6 Komentarze(y) na Batman: Gotham Knight

  1. Podczas 6 epizodu zasnąłem. Natomiast 1 fajnie nawiązuje do rocznicowego odcinka animowanego Batmana, który widziałem kiedyś na Polsacie. Opowieści dzieciaków i różne wyobrażenia Batmana.

    A recka git.

  2. Muszę się wreszcie zmusić by to obejrzeć, bo na leży na dysku i się kurzy.

  3. Ale tak serio, z całym szacunkiem dla wysiłku recenzenta. Who gives a shit? Absolutnie domagamy się pierwszej polskiej recenzji Dark Knighta ( amerykańskich obejrzałem i przeczytałem już dziesiątki).
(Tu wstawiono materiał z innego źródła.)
lemma jumpU_pw:
  assumes st: "\<forall>j<n. G j < G (Suc j)" and "0 < k" "k < n"
    and cont: "\<forall>j<n. \<forall>x. isCont (v j) x"
  shows "jumpU G (pw G n v) k = v k (G k) - v (k - 1) (G k)"
  using Lim_at_left_pw[OF st, of "k - 1" v] Lim_at_right_pw[OF st, of k v] cont assms(2,3)
  by (simp add: jumpU_def)

lemma pder_pw:
  assumes st: "\<forall>j<n. G j < G (Suc j)"
  shows "pder G n (pw G n v) = pw G n (\<lambda>j. deriv (v j))"
proof
  fix x
  show "pder G n (pw G n v) x = pw G n (\<lambda>j. deriv (v j)) x"
  proof (cases "\<exists>j<n. x \<in> cell G j")
    case True
    then obtain j where j: "j < n" "x \<in> cell G j" by blast
    have "eventually (\<lambda>y. pw G n v y = v j y) (nhds x)"
      using eventually_nhds_in_open[of "cell G j" x] j
      by (auto elim!: eventually_mono simp: pw_cell[OF st j(1)])
    then have "deriv (pw G n v) x = deriv (v j) x"
      by (rule deriv_cong_ev) simp
    moreover have "pder G n (pw G n v) x = (if j \<in> {..<n} then deriv (pw G n v) x else 0)"
      unfolding pder_def by (rule sum_indicator_cell[OF st _ j]) auto
    ultimately show ?thesis using pw_cell[OF st j] j(1) by simp
  next
    case False
    then show ?thesis
      unfolding pder_def using sum_indicator_outside_cells[of "{..<n}" n x G]
      by (simp add: pw_outside_cells)
  qed
qed

section \<open>Integrals of piecewise continuous functions\<close>

definition PWC :: "(nat \<Rightarrow> real) \<Rightarrow> nat \<Rightarrow> (real \<Rightarrow> real) set" where
  "PWC G n = {pw G n v | v. \<forall>j<n. continuous_on UNIV (v j)}"

lemma interval_integrable_continuous_on_UNIV:
  fixes a b :: real and f :: "real \<Rightarrow> real"
  assumes "a \<le> b" "continuous_on UNIV f"
  shows "interval_lebesgue_integrable lborel a b f"
  by (rule interval_integrable_continuous_on) (use assms in \<open>auto intro: continuous_on_subset\<close>)

lemma indicator_times_pw:
  assumes st: "\<forall>j<n. G j < G (Suc j)" and "i \<le> k" "k \<le> n"
  shows "indicator {G i<..<G k} x * pw G n v x = (\<Sum>j\<in>{i..<k}. v j x * indicator (cell G j) x)"
proof (cases "\<exists>j<n. x \<in> cell G j")
  case True
  then obtain j where j: "j < n" "x \<in> cell G j" by blast
  have "x \<in> {G i<..<G k} \<longleftrightarrow> j \<in> {i..<k}"
  proof
    assume "j \<in> {i..<k}"
    then have "G i \<le> G j" "G (Suc j) \<le> G k" using grid_le[OF st] assms(2,3) by auto
    then show "x \<in> {G i<..<G k}" using j by auto
  next
    assume x: "x \<in> {G i<..<G k}"
    show "j \<in> {i..<k}"
    proof (rule ccontr)
      assume "j \<notin> {i..<k}"
      then consider "Suc j \<le> i" | "k \<le> j" by auto
      then show False
      proof cases
        case 1
        then have "G (Suc j) \<le> G i" using grid_le[OF st] assms(2,3) by simp
        then show False using j(2) x by simp
      next
        case 2
        then have "G k \<le> G j" using grid_le[OF st] j(1) by simp
        then show False using j(2) x by simp
      qed
    qed
  qed
  moreover have "(\<Sum>j\<in>{i..<k}. v j x * indicator (cell G j) x) = (if j \<in> {i..<k} then v j x else 0)"
    by (rule sum_indicator_cell[OF st _ j]) (use assms(3) in auto)
  ultimately show ?thesis using pw_cell[OF st j] by simp
next
  case False
  then show ?thesis
    using sum_indicator_outside_cells[of "{i..<k}" n x G] assms(3) by (simp add: pw_outside_cells)
qed

lemma interval_integral_pw:
  assumes st: "\<forall>j<n. G j < G (Suc j)" and ik: "i \<le> k" "k \<le> n"
    and cont: "\<forall>j<n. continuous_on UNIV (v j)"
  shows "(LBINT x=G i..G k. pw G n v x) = (\<Sum>j\<in>{i..<k}. LBINT x=G j..G (Suc j). v j x)"
proof -
  have cell_le: "G j \<le> G (Suc j)" if "j \<in> {i..<k}" for j
    using st that ik by (auto intro: less_imp_le)
  have "(LBINT x=G i..G k. pw G n v x) = (LINT x|lborel. indicator {G i<..<G k} x * pw G n v x)"
    using grid_le[OF st ik] by (simp add: interval_lebesgue_integral_le_eq set_lebesgue_integral_def)
  also have "\<dots> = (LINT x|lborel. (\<Sum>j\<in>{i..<k}. indicator (cell G j) x *\<^sub>R v j x))"
    using indicator_times_pw[OF st ik] by (simp add: mult.commute)
  also have "\<dots> = (\<Sum>j\<in>{i..<k}. LINT x|lborel. indicator (cell G j) x *\<^sub>R v j x)"
  proof (intro Bochner_Integration.integral_sum)
    fix j assume j: "j \<in> {i..<k}"
    then have "interval_lebesgue_integrable lborel (G j) (G (Suc j)) (v j)"
      using cell_le cont ik by (intro interval_integrable_continuous_on_UNIV) auto
    then show "integrable lborel (\<lambda>x. indicator (cell G j) x *\<^sub>R v j x)"
      using cell_le[OF j] by (simp add: interval_lebesgue_integrable_def set_integrable_def)
  qed
  also have "\<dots> = (\<Sum>j\<in>{i..<k}. LBINT x=G j..G (Suc j). v j x)"
    using cell_le
    by (intro sum.cong) (simp_all add: interval_lebesgue_integral_le_eq set_lebesgue_integral_def)
  finally show ?thesis .
qed

lemma ipU_pw:
  assumes st: "\<forall>j<n. G j < G (Suc j)"
    and cv: "\<forall>j<n. continuous_on UNIV (v j)" and cw: "\<forall>j<n. continuous_on UNIV (w j)"
  shows "ipU G n (pw G n v) (pw G n w) = (\<Sum>j<n. LBINT x=G j..G (Suc j). v j x * w j x)"
proof -
  have "ipU G n (pw G n v) (pw G n w) = (LBINT x=G 0..G n. pw G n (\<lambda>j x. v j x * w j x) x)"
    unfolding ipU_def pw_mult[OF st] ..
  also have "\<dots> = (\<Sum>j\<in>{0..<n}. LBINT x=G j..G (Suc j). v j x * w j x)"
    by (rule interval_integral_pw[OF st]) (use cv cw in \<open>auto intro: continuous_intros\<close>)
  finally show ?thesis by (simp add: atLeast0LessThan)
qed

lemma ipU_commute: "ipU G n f g = ipU G n g f"
  unfolding ipU_def by (simp add: mult.commute)

lemma PWC_lincomb: "f \<in> PWC G n \<Longrightarrow> g \<in> PWC G n \<Longrightarrow> (\<lambda>x. a * f x + b * g x) \<in> PWC G n"
  unfolding PWC_def by (auto simp: pw_lincomb intro!: continuous_intros)

lemma PWC_sum:
  assumes "finite A" "\<forall>i\<in>A. f i \<in> PWC G n"
  shows "(\<lambda>x. \<Sum>i\<in>A. c i * f i x) \<in> PWC G n"
  using assms
proof (induction A rule: finite_induct)
  case empty
  then show ?case unfolding PWC_def using pw_zero by (auto intro!: exI[of _ "\<lambda>j x. 0"])
next
  case (insert a A)
  then have "(\<lambda>x. c a * f a x + 1 * (\<Sum>i\<in>A. c i * f i x)) \<in> PWC G n"
    by (intro PWC_lincomb) auto
  then show ?case using insert by simp
qed

lemma ipU_lincomb_left:
  assumes st: "\<forall>j<n. G j < G (Suc j)" and "f \<in> PWC G n" "g \<in> PWC G n" "h \<in> PWC G n"
  shows "ipU G n (\<lambda>x. a * f x + b * g x) h = a * ipU G n f h + b * ipU G n g h"
proof -
  obtain v v' w where v: "f = pw G n v" "\<forall>j<n. continuous_on UNIV (v j)"
    and v': "g = pw G n v'" "\<forall>j<n. continuous_on UNIV (v' j)"
    and w: "h = pw G n w" "\<forall>j<n. continuous_on UNIV (w j)"
    using assms(2-4) by (auto simp: PWC_def)
  have cell: "(LBINT x=G j..G (Suc j). (a * v j x + b * v' j x) * w j x)
      = a * (LBINT x=G j..G (Suc j). v j x * w j x) + b * (LBINT x=G j..G (Suc j). v' j x * w j x)"
    if j: "j < n" for j
  proof -
    have "G j \<le> G (Suc j)" using st j by (simp add: less_imp_le)
    then have "interval_lebesgue_integrable lborel (G j) (G (Suc j)) (\<lambda>x. a * (v j x * w j x))"
      "interval_lebesgue_integrable lborel (G j) (G (Suc j)) (\<lambda>x. b * (v' j x * w j x))"
      using v w v' j by (auto intro!: interval_integrable_continuous_on_UNIV continuous_intros)
    then show ?thesis by (simp add: algebra_simps interval_lebesgue_integral_add(2))
  qed
  have "ipU G n (\<lambda>x. a * f x + b * g x) h
      = (\<Sum>j<n. LBINT x=G j..G (Suc j). (a * v j x + b * v' j x) * w j x)"
    unfolding v v' w pw_lincomb
    by (rule ipU_pw[OF st]) (use v v' w in \<open>auto intro!: continuous_intros\<close>)
  also have "\<dots> = a * ipU G n f h + b * ipU G n g h"
    unfolding v v' w using cell ipU_pw[OF st v(2) w(2)] ipU_pw[OF st v'(2) w(2)]
    by (simp add: sum.distrib sum_distrib_left)
  finally show ?thesis .
qed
  4. z recką TDK może być ciężko ludziom nie mieszkającym w USA, więc pozostaje liczyć tylko na ścisłą redakcję ZP, chyba 😉
    bo nie wyobrażam sobie, żeby ktoś z tu zaglądających osób ściągnął wersję kręconą w kinie, a potem jeszcze napisał recenzję.

  5. Obejrzałem i obejrzę chyba jeszcze raz. Jak dla mnie najlepsza historyjka to 'In Darkness Dwells'. Dobry Batman tam był. A co do dzieciaków w 'Have I Got A Story For You' to ewidentnie musiały być na kwasie, albo innym psychodelicznym gównie.